The relationship between science, scientists, and muscular state power is one of the main reasons why science diplomacy and the World Science Forum are of such great importance. However, in discussions on research integrity and the independence of science, attention often focuses on whether science and technology are, in themselves, ‘neutral,’ and whether it is only applications of science and technology that can be employed for violent, harmful or otherwise unethical purposes. This is a discussion that presumes there is a clear-cut distinction between pure and applied science. However, this distinction is one of emphasis, not mutual exclusion. In addition to muscular state power, the science industry—like other industries—is also subject to and enmeshed in the political realities of professionalism, finance and politics.Footnote 13 Scholars and scientists neither operate nor think inside a vacuum—they are not above and beyond power politics, or the subtle power dynamics that characterize us as social and political animals.

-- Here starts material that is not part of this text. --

(* Let $k\geqslant 1$ be an integer. The following $\mathbb{Z}_p$-Lie lattices (each on a basis $x_0,x_1,x_2$ with $[x_1,x_2]=0$) are self-similar of index $p^k$: (1) $L_6(a)$ for any $a\in\mathbb{Z}_p$, where $[x_0,x_1]=ax_1$, $[x_0,x_2]=ax_2$; (2) $L_2(s,r,c)$ with $s,r\in\mathbb{N}$, $c\in\mathbb{Z}_p$, $v_p(c)=1$, where $[x_0,x_1]=p^sx_1+p^{s+r}cx_2$, $[x_0,x_2]=p^{s+r}x_1+p^sx_2$; (3) $L_7(s,a,c)$ with $s\in\mathbb{N}$, $a,c\in\mathbb{Z}_p$, where $[x_0,x_1]=p^sax_1+p^scx_2$, $[x_0,x_2]=p^sx_1$, provided either $v_p(c)=1$ and $v_p(a)\geqslant 1$, or $v_p(4c+a^2)=1$, $v_p(a)=0$ and $v_p(c)=0$; (4) for $p\geqslant 3$, $L_7(s,0,1)$ with $s\in\mathbb{N}$.
   Context: $p$ is a prime (arbitrary unless stated), $\mathbb{N}=\{0,1,2,\dots\}$, $v_p$ is the $p$-adic valuation. A $\mathbb{Z}_p$-Lie lattice is a $\mathbb{Z}_p$-Lie algebra whose underlying module is finitely generated and free. A virtual endomorphism of $L$ is a homomorphism of algebras $\varphi:M\to L$ with $M\subseteq L$ a finite-index subalgebra, of index $[L:M]$. An ideal $I$ of $L$ is $\varphi$-invariant if it lies in the domain of every power of $\varphi$ and $\varphi(I)\subseteq I$; $\varphi$ is simple if no non-zero ideal is $\varphi$-invariant. $L$ is self-similar of index $p^k$ if it has a simple virtual endomorphism of index $p^k$. *)

theory Defs
  imports Main "HOL-Library.Extended_Nat" "HOL-Computational_Algebra.Primes"
begin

Ethics in science thus also concerns how we treat one another. Although there is great variation from state to state and from discipline to discipline, it is naïve to think that scientists’ working conditions—that are characterized by short-term fixed contracts, acute publication pressures, informal and formal hierarchies, and vulnerability to sexual harassment and mental health issues and burnout—do not circumscribe on the pursuit of science. In Norway, where I live and work, recent studies have shown how young scholars and scientists are especially prone to employing ‘questionable research practices,’ in the face of industry pressures to ‘publish or perish’—rather than the individual’s lack of moral integrity being to blame.Footnote 14 Ethical limits to what science can achieve is also an issue that demands a good deal of introspection within our own research communities. How do we structure them to enable talented young scholars and scientist to thrive and progress? And, crucially, how do we make sure that future generations of scholars and scientists are up to the task of conducting research ethically, and to reflect on the ethical ramifications of their pursuits?
To make it possible to create and maintain structures and cultures for ethical reflection within the academy of science, there is a need to reflect more deeply and collectively on the ethical capacity of scholars and scientists when confronting the following three emerging trends namely, bureaucratization, ethics washing, and co-optation.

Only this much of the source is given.